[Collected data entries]
-------
lemma End_lat_lattice_inv_scaled:
  assumes N0: "N0 \<noteq> 0" and coprime: "coprime c N0"
    and R0: "{x \<in> K. in_R0 N0 (\<phi> x)} = order_c K c"
  shows "End_lat K (lattice_inv (of_int N0 * h0)) = order_c K c"
proof -
  define g where "g = of_int N0 * h0"
  have Im_g: "Im g \<noteq> 0" using Im_h0 N0 unfolding g_def by simp
  have g_square: "g * g = of_rat (of_int N0 * \<alpha>) * g + of_rat (of_int N0 ^ 2 * \<beta>)"
    unfolding g_def of_rat_mult of_rat_power of_rat_of_int_eq power2_eq_square
    using h0_square by algebra
  have x_g: "of_rat q + of_rat p * h0 = of_rat q + of_rat (p / of_int N0) * g" for q p
    unfolding g_def using N0 by (simp add: of_rat_divide)
  have scaled_coords_iff: "integral_coords (of_int N0 * \<alpha>) (of_int N0 ^ 2 * \<beta>) q (p / of_int N0) \<longleftrightarrow>
      p / of_int N0 \<in> \<int> \<and> q \<in> \<int> \<and> q + p * \<alpha> \<in> \<int> \<and> of_int N0 * (p * \<beta>) \<in> \<int>" for q p
    unfolding integral_coords_def using N0 by (simp add: power2_eq_square mult.left_commute)
  show ?thesis
  proof (intro equalityI subsetI)
    fix x assume "x \<in> End_lat K (lattice_inv (of_int N0 * h0))"
    hence xK: "x \<in> K" and End: "\<forall>y\<in>lattice_inv g. x * y \<in> lattice_inv g"
      unfolding End_lat_def g_def by auto
    obtain q p where x: "x = of_rat q + of_rat p * h0" using xK by (rule K_coords)
    have scaled: "integral_coords (of_int N0 * \<alpha>) (of_int N0 ^ 2 * \<beta>) q (p / of_int N0)"
      using End unfolding x x_g mult_lattice_inv_subset_iff[OF Im_g g_square] .
    hence coords: "p / of_int N0 \<in> \<int>" "q \<in> \<int>" "q + p * \<alpha> \<in> \<int>" "of_int N0 * (p * \<beta>) \<in> \<int>"
      unfolding scaled_coords_iff by blast+
    have "alg_int x"
      unfolding x x_g using g_square scaled by (rule integral_coords_alg_int)
    hence "of_int 0 + of_int c * x \<in> order_c K c"
      using xK unfolding order_c_def ring_of_integers_def by blast
    moreover have "of_int c * x = of_rat (of_int c * q) + of_rat (of_int c * p) * h0"
      unfolding x by (simp add: of_rat_mult algebra_simps)
    ultimately have "in_R0 N0 (\<phi> (of_rat (of_int c * q) + of_rat (of_int c * p) * h0))"
      using R0 by auto
    hence "of_int c * (p * \<beta>) \<in> \<int>"
      unfolding in_R0_phi_iff integral_coords_def by (simp add: mult.assoc)
    hence "p * \<beta> \<in> \<int>" using Ints_if_coprime_multiples[OF coprime _ coords(4)] by blast
    moreover obtain k where "p / of_int N0 = of_int k" using coords(1) by (auto elim: Ints_cases)
    hence "p = of_int (N0 * k)" using N0 by (simp add: field_simps)
    ultimately have "in_R0 N0 (\<phi> x)"
      unfolding x in_R0_phi_iff integral_coords_def using coords by auto
    thus "x \<in> order_c K c" using R0 xK by blast
  next
    fix x assume "x \<in> order_c K c"
    with R0 have xK: "x \<in> K" and "in_R0 N0 (\<phi> x)" by auto
    obtain q p where x: "x = of_rat q + of_rat p * h0" using xK by (rule K_coords)
    obtain k where "p = of_int (N0 * k)" and "integral_coords \<alpha> \<beta> q p"
      using \<open>in_R0 N0 (\<phi> x)\<close> unfolding x in_R0_phi_iff by blast
    hence "\<forall>y\<in>lattice_inv g. x * y \<in> lattice_inv g"
      unfolding x x_g mult_lattice_inv_subset_iff[OF Im_g g_square] scaled_coords_iff
      using N0 by (simp add: integral_coords_def)
    thus "x \<in> End_lat K (lattice_inv (of_int N0 * h0))"
      using xK unfolding End_lat_def g_def by blast
  qed
qed

end

theorem lemma2p4:
  fixes K :: "complex set" and \<phi> :: "complex \<Rightarrow> rat^2^2"
    and N N0 N1 c :: int and h0 :: complex
  assumes "imag_quadratic_field K"
    and "N0 > 0" and "N1 > 0" and "N = N0 * N1\<^sup>2" and "c > 0" and "coprime c N"
    and "ring_embedding K \<phi>"
    and "{x \<in> K. integral_mat (\<phi> x)} = order_c K c"
    and "{x \<in> K. in_R0 N0 (\<phi> x)} = order_c K c"
    and "Im h0 > 0"
    and "\<forall>x\<in>K - {0}. moebius (\<phi> x) h0 = h0"
    and "h0 \<in> K"
    and "K = {of_rat a + of_rat b * h0 | a b. True}"
  shows "End_lat K {of_int m + of_int n / h0 | m n. True} = order_c K c
       \<and> End_lat K {of_int m + of_int n / (of_int N0 * h0) | m n. True} = order_c K c"
proof -
  obtain \<alpha> \<beta> where h0_square: "h0 * h0 = of_rat \<alpha> * h0 + of_rat \<beta>"
    using imag_quadratic_field_square assms(1,12) by blast
  have "h0 \<noteq> 0" using assms(10) by auto
  interpret fixed_point_embedding K \<phi> h0 \<alpha> \<beta>
    using assms(7,10-13) h0_square \<open>h0 \<noteq> 0\<close> by unfold_locales auto
  have "coprime c N0" using assms(4,6) by simp
  thus ?thesis
    using End_lat_lattice_inv_h0 End_lat_lattice_inv_scaled assms(2,8,9)
    unfolding lattice_inv_def by simp
qed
-------
* **What is being asked**: Whichever lines of the data include the word "coprime", pull them out.

* **Written answer**:
  assumes N0: "N0 \<noteq> 0" and coprime: "coprime c N0"
    hence "p * \<beta> \<in> \<int>" using Ints_if_coprime_multiples[OF coprime _ coords(4)] by blast
    and "N0 > 0" and "N1 > 0" and "N = N0 * N1\<^sup>2" and "c > 0" and "coprime c N"
  have "coprime c N0" using assms(4,6) by simp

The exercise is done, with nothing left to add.